Assignment »
After finding the line with "(with $1/0=\infty$). *)" in the data below, set down exactly each line through the one with "coordinates indexed by", inclusive, and stop there.

[[ Material shown, beginning ]]

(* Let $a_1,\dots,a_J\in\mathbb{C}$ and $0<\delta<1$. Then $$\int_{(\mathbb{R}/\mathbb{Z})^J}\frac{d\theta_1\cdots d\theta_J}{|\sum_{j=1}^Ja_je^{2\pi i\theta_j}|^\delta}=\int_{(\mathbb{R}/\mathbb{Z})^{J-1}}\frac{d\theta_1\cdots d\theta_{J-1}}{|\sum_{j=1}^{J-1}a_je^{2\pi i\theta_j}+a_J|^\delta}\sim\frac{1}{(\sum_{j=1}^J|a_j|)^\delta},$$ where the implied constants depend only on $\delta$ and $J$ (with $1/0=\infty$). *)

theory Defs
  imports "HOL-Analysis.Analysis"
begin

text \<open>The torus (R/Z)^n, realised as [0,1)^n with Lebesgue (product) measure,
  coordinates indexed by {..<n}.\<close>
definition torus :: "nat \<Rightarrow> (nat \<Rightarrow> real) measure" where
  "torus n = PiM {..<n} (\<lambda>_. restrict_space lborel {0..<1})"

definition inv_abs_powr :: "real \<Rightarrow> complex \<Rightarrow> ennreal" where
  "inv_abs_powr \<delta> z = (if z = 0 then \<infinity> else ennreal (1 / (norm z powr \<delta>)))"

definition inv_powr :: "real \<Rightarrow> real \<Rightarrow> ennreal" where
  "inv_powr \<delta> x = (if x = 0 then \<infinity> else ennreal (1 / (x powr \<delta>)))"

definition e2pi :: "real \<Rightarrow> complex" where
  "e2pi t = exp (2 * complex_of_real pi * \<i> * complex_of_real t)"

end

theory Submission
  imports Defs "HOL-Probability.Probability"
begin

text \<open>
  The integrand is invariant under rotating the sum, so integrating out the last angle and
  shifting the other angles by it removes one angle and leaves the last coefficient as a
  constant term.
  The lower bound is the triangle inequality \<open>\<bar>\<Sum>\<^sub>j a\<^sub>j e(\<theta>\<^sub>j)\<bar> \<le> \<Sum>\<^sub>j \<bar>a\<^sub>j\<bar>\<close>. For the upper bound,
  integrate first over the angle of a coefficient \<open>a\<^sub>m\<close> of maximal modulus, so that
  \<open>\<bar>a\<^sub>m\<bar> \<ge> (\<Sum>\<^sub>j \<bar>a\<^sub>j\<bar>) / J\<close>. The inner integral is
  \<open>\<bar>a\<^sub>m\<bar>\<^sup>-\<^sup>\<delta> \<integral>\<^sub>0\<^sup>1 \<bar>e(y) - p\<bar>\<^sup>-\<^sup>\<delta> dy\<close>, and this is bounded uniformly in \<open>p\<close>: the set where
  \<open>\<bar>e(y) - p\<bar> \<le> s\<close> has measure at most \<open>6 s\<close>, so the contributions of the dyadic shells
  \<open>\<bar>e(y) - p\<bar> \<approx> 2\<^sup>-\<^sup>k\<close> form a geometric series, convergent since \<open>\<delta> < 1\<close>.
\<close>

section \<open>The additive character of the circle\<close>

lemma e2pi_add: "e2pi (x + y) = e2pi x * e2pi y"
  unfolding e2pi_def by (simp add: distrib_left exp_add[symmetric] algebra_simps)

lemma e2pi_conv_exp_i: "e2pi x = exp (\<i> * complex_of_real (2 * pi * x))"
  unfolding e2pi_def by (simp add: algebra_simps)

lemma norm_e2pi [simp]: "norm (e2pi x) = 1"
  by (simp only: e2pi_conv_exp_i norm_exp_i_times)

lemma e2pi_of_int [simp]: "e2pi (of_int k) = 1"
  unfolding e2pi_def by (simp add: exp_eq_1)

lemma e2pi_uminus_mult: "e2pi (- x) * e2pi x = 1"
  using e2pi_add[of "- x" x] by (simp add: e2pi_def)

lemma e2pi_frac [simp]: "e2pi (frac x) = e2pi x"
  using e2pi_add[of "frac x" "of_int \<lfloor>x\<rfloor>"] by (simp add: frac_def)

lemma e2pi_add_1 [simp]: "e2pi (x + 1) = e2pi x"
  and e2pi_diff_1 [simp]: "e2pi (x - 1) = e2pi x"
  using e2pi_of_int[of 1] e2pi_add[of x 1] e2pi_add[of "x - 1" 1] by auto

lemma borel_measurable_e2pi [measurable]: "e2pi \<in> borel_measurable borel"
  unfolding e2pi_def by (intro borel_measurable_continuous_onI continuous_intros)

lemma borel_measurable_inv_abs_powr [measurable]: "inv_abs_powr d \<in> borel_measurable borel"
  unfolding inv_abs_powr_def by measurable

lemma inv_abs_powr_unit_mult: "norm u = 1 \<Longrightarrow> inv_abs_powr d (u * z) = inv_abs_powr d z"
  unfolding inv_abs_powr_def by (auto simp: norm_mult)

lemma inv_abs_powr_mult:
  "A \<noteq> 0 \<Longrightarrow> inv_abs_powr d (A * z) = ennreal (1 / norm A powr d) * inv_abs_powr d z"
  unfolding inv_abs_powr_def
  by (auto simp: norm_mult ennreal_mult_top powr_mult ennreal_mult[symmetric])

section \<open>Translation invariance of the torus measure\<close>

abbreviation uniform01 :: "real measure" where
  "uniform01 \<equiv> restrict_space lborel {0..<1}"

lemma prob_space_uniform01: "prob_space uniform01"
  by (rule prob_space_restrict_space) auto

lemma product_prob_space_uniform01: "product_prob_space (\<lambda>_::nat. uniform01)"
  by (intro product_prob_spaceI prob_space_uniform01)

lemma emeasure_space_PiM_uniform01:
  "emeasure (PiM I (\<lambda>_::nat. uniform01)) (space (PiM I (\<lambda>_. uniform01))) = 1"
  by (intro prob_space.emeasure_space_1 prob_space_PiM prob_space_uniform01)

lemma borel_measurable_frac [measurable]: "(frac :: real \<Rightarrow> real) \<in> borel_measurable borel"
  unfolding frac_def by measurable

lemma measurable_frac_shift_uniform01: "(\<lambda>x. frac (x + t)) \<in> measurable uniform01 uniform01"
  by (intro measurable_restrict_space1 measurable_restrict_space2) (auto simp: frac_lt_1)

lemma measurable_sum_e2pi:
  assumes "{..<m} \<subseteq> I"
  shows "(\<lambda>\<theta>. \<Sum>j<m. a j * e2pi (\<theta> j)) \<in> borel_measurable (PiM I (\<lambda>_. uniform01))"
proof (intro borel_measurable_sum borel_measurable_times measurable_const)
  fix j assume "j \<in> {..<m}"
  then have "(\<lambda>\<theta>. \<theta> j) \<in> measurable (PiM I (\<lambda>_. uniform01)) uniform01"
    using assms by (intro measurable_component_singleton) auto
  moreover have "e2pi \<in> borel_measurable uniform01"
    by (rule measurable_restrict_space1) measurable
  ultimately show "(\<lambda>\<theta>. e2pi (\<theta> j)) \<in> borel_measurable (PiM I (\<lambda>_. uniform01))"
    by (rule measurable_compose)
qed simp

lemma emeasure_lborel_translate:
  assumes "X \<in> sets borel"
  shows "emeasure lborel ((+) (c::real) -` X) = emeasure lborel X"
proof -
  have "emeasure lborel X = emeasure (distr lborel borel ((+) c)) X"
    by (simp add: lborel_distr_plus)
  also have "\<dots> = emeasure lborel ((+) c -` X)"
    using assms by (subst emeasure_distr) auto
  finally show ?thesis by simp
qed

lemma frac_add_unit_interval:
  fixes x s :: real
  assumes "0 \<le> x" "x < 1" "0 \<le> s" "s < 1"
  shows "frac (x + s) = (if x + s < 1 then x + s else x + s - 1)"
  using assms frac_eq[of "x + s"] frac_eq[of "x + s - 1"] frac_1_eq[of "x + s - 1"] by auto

[[ Material shown, end ]]
[[ Material shown, beginning ]]

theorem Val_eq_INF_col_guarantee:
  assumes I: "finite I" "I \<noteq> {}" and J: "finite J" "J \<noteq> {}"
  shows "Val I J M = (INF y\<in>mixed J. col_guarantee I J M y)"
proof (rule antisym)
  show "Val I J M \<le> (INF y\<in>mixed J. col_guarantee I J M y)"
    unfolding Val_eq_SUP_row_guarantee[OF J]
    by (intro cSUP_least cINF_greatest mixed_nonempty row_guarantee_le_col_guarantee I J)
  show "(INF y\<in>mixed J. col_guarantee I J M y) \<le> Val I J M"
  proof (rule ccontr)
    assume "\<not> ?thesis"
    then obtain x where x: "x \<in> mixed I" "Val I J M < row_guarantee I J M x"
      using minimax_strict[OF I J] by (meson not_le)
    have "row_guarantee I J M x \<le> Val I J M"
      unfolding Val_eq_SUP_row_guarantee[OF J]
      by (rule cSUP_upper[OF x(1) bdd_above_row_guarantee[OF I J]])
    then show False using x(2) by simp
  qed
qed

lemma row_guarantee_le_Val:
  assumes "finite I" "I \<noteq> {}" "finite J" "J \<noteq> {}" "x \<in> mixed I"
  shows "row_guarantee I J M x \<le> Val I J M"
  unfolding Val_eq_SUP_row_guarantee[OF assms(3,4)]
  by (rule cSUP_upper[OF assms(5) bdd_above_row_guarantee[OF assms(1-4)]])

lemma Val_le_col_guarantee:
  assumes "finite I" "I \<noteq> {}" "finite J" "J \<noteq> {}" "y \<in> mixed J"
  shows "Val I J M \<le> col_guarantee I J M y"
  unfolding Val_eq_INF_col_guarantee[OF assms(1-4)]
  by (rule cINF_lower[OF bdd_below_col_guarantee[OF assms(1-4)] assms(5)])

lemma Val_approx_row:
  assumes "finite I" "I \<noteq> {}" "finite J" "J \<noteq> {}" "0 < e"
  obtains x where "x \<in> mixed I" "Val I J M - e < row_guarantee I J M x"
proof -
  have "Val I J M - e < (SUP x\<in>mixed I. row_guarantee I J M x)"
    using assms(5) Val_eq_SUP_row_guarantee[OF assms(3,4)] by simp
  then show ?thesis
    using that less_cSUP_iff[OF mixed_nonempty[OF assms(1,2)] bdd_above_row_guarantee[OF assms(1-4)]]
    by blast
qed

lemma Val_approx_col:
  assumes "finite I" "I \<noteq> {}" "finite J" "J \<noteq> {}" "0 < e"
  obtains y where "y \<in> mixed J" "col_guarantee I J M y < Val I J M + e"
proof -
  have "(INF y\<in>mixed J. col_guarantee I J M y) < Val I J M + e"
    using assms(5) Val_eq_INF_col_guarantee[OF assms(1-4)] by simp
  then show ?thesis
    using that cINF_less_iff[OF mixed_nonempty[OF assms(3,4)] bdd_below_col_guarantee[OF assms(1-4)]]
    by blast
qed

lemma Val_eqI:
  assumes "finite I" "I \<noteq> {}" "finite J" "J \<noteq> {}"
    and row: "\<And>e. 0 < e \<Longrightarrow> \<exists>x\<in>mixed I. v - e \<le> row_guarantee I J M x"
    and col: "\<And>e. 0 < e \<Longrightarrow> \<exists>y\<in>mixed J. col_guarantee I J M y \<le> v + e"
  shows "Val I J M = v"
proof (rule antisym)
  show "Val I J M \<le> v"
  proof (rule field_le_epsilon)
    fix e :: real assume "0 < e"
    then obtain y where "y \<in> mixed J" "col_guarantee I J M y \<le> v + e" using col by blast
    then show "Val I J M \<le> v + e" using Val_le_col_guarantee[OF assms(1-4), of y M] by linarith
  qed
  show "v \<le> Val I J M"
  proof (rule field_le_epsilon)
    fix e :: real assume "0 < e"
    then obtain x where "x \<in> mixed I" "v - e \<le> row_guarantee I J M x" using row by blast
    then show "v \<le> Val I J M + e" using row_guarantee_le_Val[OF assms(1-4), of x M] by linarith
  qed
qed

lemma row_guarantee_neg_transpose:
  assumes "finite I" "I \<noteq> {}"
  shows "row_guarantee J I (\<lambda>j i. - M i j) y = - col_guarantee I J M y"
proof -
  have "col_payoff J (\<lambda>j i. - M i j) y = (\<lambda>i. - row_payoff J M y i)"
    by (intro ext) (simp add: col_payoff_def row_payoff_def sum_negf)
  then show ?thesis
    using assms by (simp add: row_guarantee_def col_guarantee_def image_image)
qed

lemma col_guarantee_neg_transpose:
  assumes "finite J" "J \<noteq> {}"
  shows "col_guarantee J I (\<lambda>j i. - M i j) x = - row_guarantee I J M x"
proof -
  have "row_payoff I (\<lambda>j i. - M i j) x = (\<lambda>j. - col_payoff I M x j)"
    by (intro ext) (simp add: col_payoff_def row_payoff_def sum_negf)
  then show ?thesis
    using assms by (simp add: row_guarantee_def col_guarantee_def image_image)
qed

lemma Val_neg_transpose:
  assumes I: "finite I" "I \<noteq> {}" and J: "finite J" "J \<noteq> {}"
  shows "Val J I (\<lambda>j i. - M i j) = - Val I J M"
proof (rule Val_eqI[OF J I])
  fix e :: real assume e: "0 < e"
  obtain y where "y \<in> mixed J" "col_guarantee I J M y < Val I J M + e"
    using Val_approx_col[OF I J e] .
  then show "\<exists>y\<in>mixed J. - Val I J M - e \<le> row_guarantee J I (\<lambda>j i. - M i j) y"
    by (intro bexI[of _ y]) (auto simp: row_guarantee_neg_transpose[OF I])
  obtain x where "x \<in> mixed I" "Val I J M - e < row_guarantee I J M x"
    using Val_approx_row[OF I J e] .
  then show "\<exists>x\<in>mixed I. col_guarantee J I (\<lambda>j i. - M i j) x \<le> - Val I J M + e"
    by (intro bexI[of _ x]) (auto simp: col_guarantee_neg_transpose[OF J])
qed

[[ Material shown, end ]]

Response area »
(* Let $a_1,\dots,a_J\in\mathbb{C}$ and $0<\delta<1$. Then $$\int_{(\mathbb{R}/\mathbb{Z})^J}\frac{d\theta_1\cdots d\theta_J}{|\sum_{j=1}^Ja_je^{2\pi i\theta_j}|^\delta}=\int_{(\mathbb{R}/\mathbb{Z})^{J-1}}\frac{d\theta_1\cdots d\theta_{J-1}}{|\sum_{j=1}^{J-1}a_je^{2\pi i\theta_j}+a_J|^\delta}\sim\frac{1}{(\sum_{j=1}^J|a_j|)^\delta},$$ where the implied constants depend only on $\delta$ and $J$ (with $1/0=\infty$). *)

theory Defs
  imports "HOL-Analysis.Analysis"
begin

text \<open>The torus (R/Z)^n, realised as [0,1)^n with Lebesgue (product) measure,
  coordinates indexed by {..<n}.\<close>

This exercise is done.